Abu Qatada's family follow him out of Britain


17-08-2013 09:09 AM

Ammon News - The Telegraph

Abu Qatada's wife and five children left their taxpayer funded home in north-west London and were driven to Heathrow Airport by officials from the Home Office just after lunchtime.

They then boarded the 5.05pm American Airlines flight to Amman, where Qatada is currently awaiting trial of terrorism charges.

The family’s departure signals a victory for the Home Office, which successfully secured Qatada’s deportation from Britain last month, following a decade long legal battle, which is estimated to have cost the taxpayer in excess of £3 million.

A spokesman for the Home Office confirmed that the family had left and said they had also abandoned their bid to be granted the right to live here permanently.

The spokesman said: “Abu Qatada’s wife and five children have now left the UK. The family has formally agreed to stop an outstanding application for indefinite leave to remain.”

Sources said the Home Secretary would also use the powers available to her to prevent the family from returning to Britain in the future.

Qatada fled to Britain from Jordan in 1993 with his wife and three children, using a forged United Arab Emirates passport. He went on to have two more children in Britain.

He claimed asylum on the grounds of religious persecution and was granted leave to remain in 1994.

Five years later he was convicted in absentia in Jordan of terror charges and sentenced to life imprisonment.

In 2001 he was questioned over alleged links to a German terror cell and became one of the country’s most wanted men when he went on the run.

He was finally arrested in 2002 and detained at Belmarsh high security jail in south east London, while the government tried to work out what to do with him.

Attempts to deport him to his native Jordan were persistently frustrated by the European Courts which argued that such action would breach his human rights.

However when the Jordanian government ratified a new treaty, providing assurances over his right to a fair trial, Qatada gave up his fight to remain in Britain.

He left Britain on a private jet last month and is currently being held at Muwaqqar prison outside Amman, awaiting a retrial on terror offences.

His wife and children had been living in a half a million pound detached house in Stanmore, Middlesex after being moved there from their previous home in Acton, west London.

They were receiving benefits worth around £800 a week and had applied for the right to remain in Britain indefinitely.

But in recent months pressure had been mounting on the family to follow Qatada back to Jordan.

Neighbours in the street where they had been living since December had recently launched a collective protest about their presence and had threatened to stop paying their council tax until they were removed.
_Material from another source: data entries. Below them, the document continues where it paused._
lemma finite_symmetric_alexandroff_iff_partition_uniformity:
  "finite_symmetric_alexandroff T \<longleftrightarrow>
     (\<exists>P. partition_on (topspace T) P \<and> (\<forall>D\<in>P. finite D) \<and>
        uniform_structure (topspace T) (partition_uniformity (topspace T) P) \<and>
        uniform_compatible T (partition_uniformity (topspace T) P))"
  (is "_ \<longleftrightarrow> (\<exists>P. ?uniform P)")
proof
  let ?V = "{Vnbhd T a | a. a \<in> topspace T}"
  assume "finite_symmetric_alexandroff T"
  then have "partition_on (topspace T) ?V" "\<forall>D\<in>?V. finite D \<and> openin T D"
    unfolding finite_symmetric_alexandroff_iff_Vnbhd_partition by blast+
  then have "?uniform ?V"
    by (simp add: uniform_structure_partition_uniformity uniform_compatible_partition_uniformity_iff)
  then show "\<exists>P. ?uniform P" ..
next
  assume "\<exists>P. ?uniform P"
  then obtain P where "?uniform P" ..
  then show "finite_symmetric_alexandroff T"
    unfolding finite_symmetric_alexandroff_iff_Vnbhd_partition
    using uniform_compatible_partition_uniformity_iff[of T P] by simp
qed

lemma finite_symmetric_alexandroff_iff_uniformizable:
  "finite_symmetric_alexandroff T \<longleftrightarrow>
     uniformizable T \<and> alexandroff T \<and> (\<forall>x\<in>topspace T. finite (Vnbhd T x))"
  using finite_symmetric_alexandroff_iff_partition_uniformity[of T] uniformizable_Vnbhd_symmetric[of T]
  unfolding finite_symmetric_alexandroff_def uniformizable_def by blast

section \<open>Functional Alexandroff topologies\<close>

lemma Vnbhd_eq_Vf:
  assumes f: "is_functional_topology T f" and a: "a \<in> topspace T"
  shows "Vnbhd T a = Vf (topspace T) f a" and "openin T (Vf (topspace T) f a)"
proof -
  let ?X = "topspace T"
  have openin_iff: "openin T U \<longleftrightarrow> (\<exists>\<B>. \<B> \<subseteq> {Vf ?X f a | a. a \<in> ?X} \<and> U = \<Union>\<B>)" for U
    using f unfolding is_functional_topology_def by blast
  show openin_Vf: "openin T (Vf ?X f a)"
    unfolding openin_iff using a by (intro exI[of _ "{Vf ?X f a}"]) auto
  have a_in: "a \<in> Vf ?X f a"
    unfolding Vf_def using a by (auto intro: exI[of _ 0])
  show "Vnbhd T a = Vf ?X f a"
  proof (rule Vnbhd_eqI[OF openin_Vf a_in])
    fix U assume "openin T U" "a \<in> U"
    then obtain b where b: "a \<in> Vf ?X f b" "Vf ?X f b \<subseteq> U"
      unfolding openin_iff by blast
    then obtain n where n: "(f ^^ n) a = b"
      unfolding Vf_def by blast
    have "Vf ?X f a \<subseteq> Vf ?X f b"
    proof
      fix x assume "x \<in> Vf ?X f a"
      then obtain m where "x \<in> ?X" "(f ^^ m) x = a"
        unfolding Vf_def by blast
      moreover from this have "(f ^^ (n + m)) x = b"
        using n by (simp add: funpow_add)
      ultimately show "x \<in> Vf ?X f b"
        unfolding Vf_def by blast
    qed
    then show "Vf ?X f a \<subseteq> U"
      using b(2) by blast
  qed
qed

lemma is_functional_topologyI:
  assumes alex: "alexandroff T" and f: "f ` topspace T \<subseteq> topspace T"
    and Vf_eq: "\<And>a. a \<in> topspace T \<Longrightarrow> Vf (topspace T) f a = Vnbhd T a"
  shows "is_functional_topology T f"
proof -
  let ?V = "{Vnbhd T a | a. a \<in> topspace T}"
  have basis: "{Vf (topspace T) f a | a. a \<in> topspace T} = ?V"
    using Vf_eq by blast
  have "openin T U \<longleftrightarrow> (\<exists>\<B>. \<B> \<subseteq> ?V \<and> U = \<Union>\<B>)" for U
  proof
    assume "openin T U"
    then have "{Vnbhd T x | x. x \<in> U} \<subseteq> ?V" "U = \<Union>{Vnbhd T x | x. x \<in> U}"
      using alexandroff_openin_iff[OF alex, of U] Vnbhd_self[of _ T] by blast+
    then show "\<exists>\<B>. \<B> \<subseteq> ?V \<and> U = \<Union>\<B>"
      by blast
  next
    assume "\<exists>\<B>. \<B> \<subseteq> ?V \<and> U = \<Union>\<B>"
    then obtain \<B> where "\<B> \<subseteq> ?V" "U = \<Union>\<B>"
      by blast
    then show "openin T U"
      using openin_Vnbhd[OF alex] by (auto intro!: openin_Union)
  qed
  then show ?thesis
    unfolding is_functional_topology_def basis using f by blast
qed

lemma funpow_reachable_in_orbit:
  assumes "(g ^^ n) x = y" "x \<noteq> y"
  shows "y \<in> orbit g x"
proof -
  have "0 < n"
    using assms by (cases n) auto
  then show ?thesis
    using assms(1) unfolding orbit_altdef by blast
qed

lemma finite_if_mutually_reachable:
  assumes "\<And>b. b \<in> S \<Longrightarrow> \<exists>n. (g ^^ n) a = b" and "\<And>b. b \<in> S \<Longrightarrow> \<exists>n. (g ^^ n) b = a"
  shows "finite S"
proof (cases "S \<subseteq> {a}")
  case True
  then show ?thesis
    using finite_subset by auto
next
  case False
  then obtain b where b: "b \<in> S" "b \<noteq> a"
    by blast
  obtain n m where "(g ^^ n) a = b" "(g ^^ m) b = a"
    using assms b(1) by blast
  then have "a \<in> orbit g b" "b \<in> orbit g a"
    using b(2) by (auto intro: funpow_reachable_in_orbit)
  then have "finite (orbit g a)"
    by (rule finite_orbit[OF orbit_trans])
  moreover have "S \<subseteq> insert a (orbit g a)"
  proof
    fix c assume "c \<in> S"
    then obtain n where n: "(g ^^ n) a = c"
      using assms(1) by blast
    show "c \<in> insert a (orbit g a)"
      using funpow_reachable_in_orbit[OF n] by blast
  qed
  ultimately show ?thesis
    using finite_subset by auto
qed

lemma finite_Vnbhd_if_subset_Vf:
  assumes sym: "Vnbhd_symmetric T" and sub: "\<And>x. x \<in> topspace T \<Longrightarrow> Vnbhd T x \<subseteq> Vf (topspace T) g x"
    and a: "a \<in> topspace T"
  shows "finite (Vnbhd T a)"
proof (rule finite_if_mutually_reachable)
  fix b assume b: "b \<in> Vnbhd T a"
  then show "\<exists>n. (g ^^ n) b = a"
    using sub[OF a] unfolding Vf_def by blast
  have "b \<in> topspace T"
    using b Vnbhd_subset_topspace[OF a] by blast
  then show "\<exists>n. (g ^^ n) a = b"
    using sub Vnbhd_symmetricD[OF sym a b] unfolding Vf_def by blast
qed

lemma Per_eq_orbit: "Per X f = {x \<in> X. x \<in> orbit f x}"
  unfolding Per_def orbit_altdef by (auto simp: Suc_le_eq) (metis)

lemma Vnbhd_symmetric_if_periodic:
  assumes f: "is_functional_topology T f" and per: "Per (topspace T) f = topspace T"
  shows "Vnbhd_symmetric T"
  unfolding Vnbhd_symmetric_def
proof (intro ballI)
  let ?X = "topspace T"
  fix a b assume a: "a \<in> ?X" and "b \<in> Vnbhd T a"
  then obtain n where b: "b \<in> ?X" "(f ^^ n) b = a"
    unfolding Vnbhd_eq_Vf(1)[OF f a] Vf_def by blast
  have "\<exists>m. (f ^^ m) a = b"
  proof (cases "a = b")
    case False
    have "b \<in> orbit f b"
      using b(1) per unfolding Per_eq_orbit by blast
    moreover have "a \<in> orbit f b"
      using funpow_reachable_in_orbit[OF b(2)] False by blast
    ultimately have "b \<in> orbit f a"
      by (rule orbit_swap)
    then show ?thesis
      unfolding orbit_altdef by blast
  qed (auto intro: exI[of _ 0])
  then show "a \<in> Vnbhd T b"
    unfolding Vnbhd_eq_Vf(1)[OF f b(1)] Vf_def using a by blast
qed

lemma finite_symmetric_alexandroff_if_functional:
  assumes "Vnbhd_symmetric T" and f: "is_functional_topology T f"
  shows "finite_symmetric_alexandroff T"
proof -
  have "alexandroff T"
    unfolding alexandroff_def using Vnbhd_eq_Vf[OF f] by simp
  moreover have "finite (Vnbhd T a)" if "a \<in> topspace T" for a
    using finite_Vnbhd_if_subset_Vf[OF assms(1) _ that] Vnbhd_eq_Vf(1)[OF f] by blast
  ultimately show ?thesis
    unfolding finite_symmetric_alexandroff_def using assms(1) by blast
qed

lemma finite_symmetric_alexandroff_if_k_primal:
  assumes sym: "Vnbhd_symmetric T" and "k_primal k T" and "1 \<le> k"
  shows "finite_symmetric_alexandroff T"
proof -
  let ?X = "topspace T"
  obtain fs where fs: "\<forall>a\<in>?X. openin T (\<Inter>i<k. Vf ?X (fs i) a) \<and> a \<in> (\<Inter>i<k. Vf ?X (fs i) a)
      \<and> (\<forall>U. openin T U \<and> a \<in> U \<longrightarrow> (\<Inter>i<k. Vf ?X (fs i) a) \<subseteq> U)"
    using assms(2) unfolding k_primal_def Let_def by blast
  have V_eq: "Vnbhd T a = (\<Inter>i<k. Vf ?X (fs i) a)" if a: "a \<in> ?X" for a
    using fs a by (intro Vnbhd_eqI) blast+
  then have "Vnbhd T a \<subseteq> Vf ?X (fs 0) a" if "a \<in> ?X" for a
    using that \<open>1 \<le> k\<close> by auto
  then have "finite (Vnbhd T a)" if "a \<in> ?X" for a
    using finite_Vnbhd_if_subset_Vf[OF sym _ that] by blast
  moreover have "alexandroff T"
    unfolding alexandroff_def using fs V_eq by simp
  ultimately show ?thesis
    unfolding finite_symmetric_alexandroff_def using sym by blast
qed

section \<open>Cycling through the blocks\<close>

lemma orbit_cycle_of_list:
  assumes cs: "distinct cs" and x: "x \<in> set cs"
  shows "orbit (cycle_of_list cs) x = set cs"
proof
  show "orbit (cycle_of_list cs) x \<subseteq> set cs"
  proof
    fix y assume "y \<in> orbit (cycle_of_list cs) x"
    then show "y \<in> set cs"
      by induction (use x in \<open>auto simp: permutes_in_image[OF cycle_permutes]\<close>)
  qed
  show "set cs \<subseteq> orbit (cycle_of_list cs) x"
  proof
    fix y assume "y \<in> set cs"
    then obtain i j where ij: "i < length cs" "j < length cs" "x = cs ! i" "y = cs ! j"
      using x by (auto simp: in_set_conv_nth)
    let ?n = "length cs - i + j"
    have "(cycle_of_list cs ^^ ?n) x = rotate ?n cs ! i"
      using cyclic_rotation[OF cs, of ?n] ij(1,3) by (metis nth_map)
    also have "\<dots> = cs ! ((?n + i) mod length cs)"
      using ij(1) by (rule nth_rotate)
    also have "(?n + i) mod length cs = j"
      using ij(1,2) by simp
    finally show "y \<in> orbit (cycle_of_list cs) x"
      unfolding orbit_altdef using ij by (intro CollectI exI[of _ ?n]) simp
  qed
qed

text \<open>The cycle used at x depends on x only through its block V(x), so all points of a
  block follow the same cycle. Outside topspace V(x) is UNIV and the value is irrelevant.\<close>

definition block_cycle :: "'a topology \<Rightarrow> 'a \<Rightarrow> 'a" where
  "block_cycle T x = cycle_of_list (SOME cs. distinct cs \<and> set cs = Vnbhd T x) x"

lemma orbit_block_cycle:
  assumes T: "finite_symmetric_alexandroff T" and a: "a \<in> topspace T"
  shows "orbit (block_cycle T) a = Vnbhd T a"
proof -
  define cs where "cs = (SOME cs. distinct cs \<and> set cs = Vnbhd T a)"
  have "finite (Vnbhd T a)"
    using T a unfolding finite_symmetric_alexandroff_def by blast
  then have "\<exists>cs. distinct cs \<and> set cs = Vnbhd T a"
    using finite_distinct_list by blast
  then have cs: "distinct cs" "set cs = Vnbhd T a"
    unfolding cs_def by (metis (mono_tags, lifting) someI_ex)+
  have "block_cycle T x = cycle_of_list cs x" if "x \<in> Vnbhd T a" for x
    using Vnbhd_eq_if_symmetric[of T a x] T a that
    unfolding block_cycle_def cs_def finite_symmetric_alexandroff_def by simp
  then have "orbit (block_cycle T) a = orbit (cycle_of_list cs) a"
    using Vnbhd_self[OF a]
    by (intro orbit_cong0[of _ "Vnbhd T a"]) (auto simp: permutes_in_image[OF cycle_permutes] simp flip: cs(2))
  also have "\<dots> = Vnbhd T a"
    using orbit_cycle_of_list[OF cs(1)] cs(2) Vnbhd_self[OF a] by simp
  finally show ?thesis .
qed

lemma Vf_block_cycle:
  assumes T: "finite_symmetric_alexandroff T" and a: "a \<in> topspace T"
  shows "Vf (topspace T) (block_cycle T) a = Vnbhd T a"
proof
  have alex: "alexandroff T" and sym: "Vnbhd_symmetric T"
    using T unfolding finite_symmetric_alexandroff_def by blast+
  show "Vf (topspace T) (block_cycle T) a \<subseteq> Vnbhd T a"
  proof
    fix x assume "x \<in> Vf (topspace T) (block_cycle T) a"
    then obtain n where x: "x \<in> topspace T" and n: "(block_cycle T ^^ n) x = a"
      unfolding Vf_def by blast
    have "a \<in> Vnbhd T x"
      using funpow_reachable_in_orbit[OF n] orbit_block_cycle[OF T x] Vnbhd_self[OF x] by blast
    then show "x \<in> Vnbhd T a"
      using Vnbhd_eq_if_symmetric[OF alex sym x] Vnbhd_self[OF x] by blast
  qed
  show "Vnbhd T a \<subseteq> Vf (topspace T) (block_cycle T) a"
  proof
    fix b assume b: "b \<in> Vnbhd T a"
    then have b_in: "b \<in> topspace T"
      using Vnbhd_subset_topspace[OF a] by blast
    then have "a \<in> orbit (block_cycle T) b"
      using orbit_block_cycle[OF T b_in] Vnbhd_symmetricD[OF sym a b] by simp
    then show "b \<in> Vf (topspace T) (block_cycle T) a"
      unfolding Vf_def orbit_altdef using b_in by blast
  qed
qed

lemma Per_block_cycle:
  assumes "finite_symmetric_alexandroff T"
  shows "Per (topspace T) (block_cycle T) = topspace T"
  unfolding Per_eq_orbit using orbit_block_cycle[OF assms] Vnbhd_self[of _ T] by blast

lemma is_functional_topology_block_cycle:
  assumes T: "finite_symmetric_alexandroff T"
  shows "is_functional_topology T (block_cycle T)"
proof (rule is_functional_topologyI[OF _ _ Vf_block_cycle[OF T]])
  show "alexandroff T"
    using T unfolding finite_symmetric_alexandroff_def by blast
  show "block_cycle T ` topspace T \<subseteq> topspace T"
    using orbit.base[of "block_cycle T"] orbit_block_cycle[OF T] Vnbhd_subset_topspace[of _ T] by blast
qed

lemma k_primal_if_finite_symmetric_alexandroff:
  assumes T: "finite_symmetric_alexandroff T" and k: "1 \<le> k"
  shows "k_primal k T"
  unfolding k_primal_def Let_def
proof (intro exI[of _ "\<lambda>_. block_cycle T"] conjI ballI)
  fix a assume a: "a \<in> topspace T"
  have "(\<Inter>i<k. Vf (topspace T) (block_cycle T) a) = Vnbhd T a"
    using k Vf_block_cycle[OF T a] by (auto simp: lessThan_empty_iff)
  then show "openin T (\<Inter>i<k. Vf (topspace T) (block_cycle T) a)"
    and "a \<in> (\<Inter>i<k. Vf (topspace T) (block_cycle T) a)"
    and "\<forall>U. openin T U \<and> a \<in> U \<longrightarrow> (\<Inter>i<k. Vf (topspace T) (block_cycle T) a) \<subseteq> U"
    using T a Vnbhd_self[OF a] Vnbhd_subset_openin[of T _ a]
    unfolding finite_symmetric_alexandroff_def alexandroff_def by auto
qed (use is_functional_topology_block_cycle[OF T] in \<open>auto simp: is_functional_topology_def\<close>)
Members of the extremist English Defence League had also held protests against the family’s continued presence in the UK.

In a letter to an Islamic website, one of Qatada’s sons recently wrote: “Racist pressure groups in Britain hold demonstrations outside the house on a weekly basis between four in the afternoon and eleven in the evening. These demonstrators would scream and curse at us and at Islam.”

But in the letter he also claimed that the house was too small for the family and was too far from the schools attended by the younger children.

Before Qatada’s deportation the family had applied for the right to leave Britain for a third country, but the Home Office said the only country they could travel to was Jordan.

In the letter he wrote: “Let no one be under the impression that we want to stay here after having suffered so much."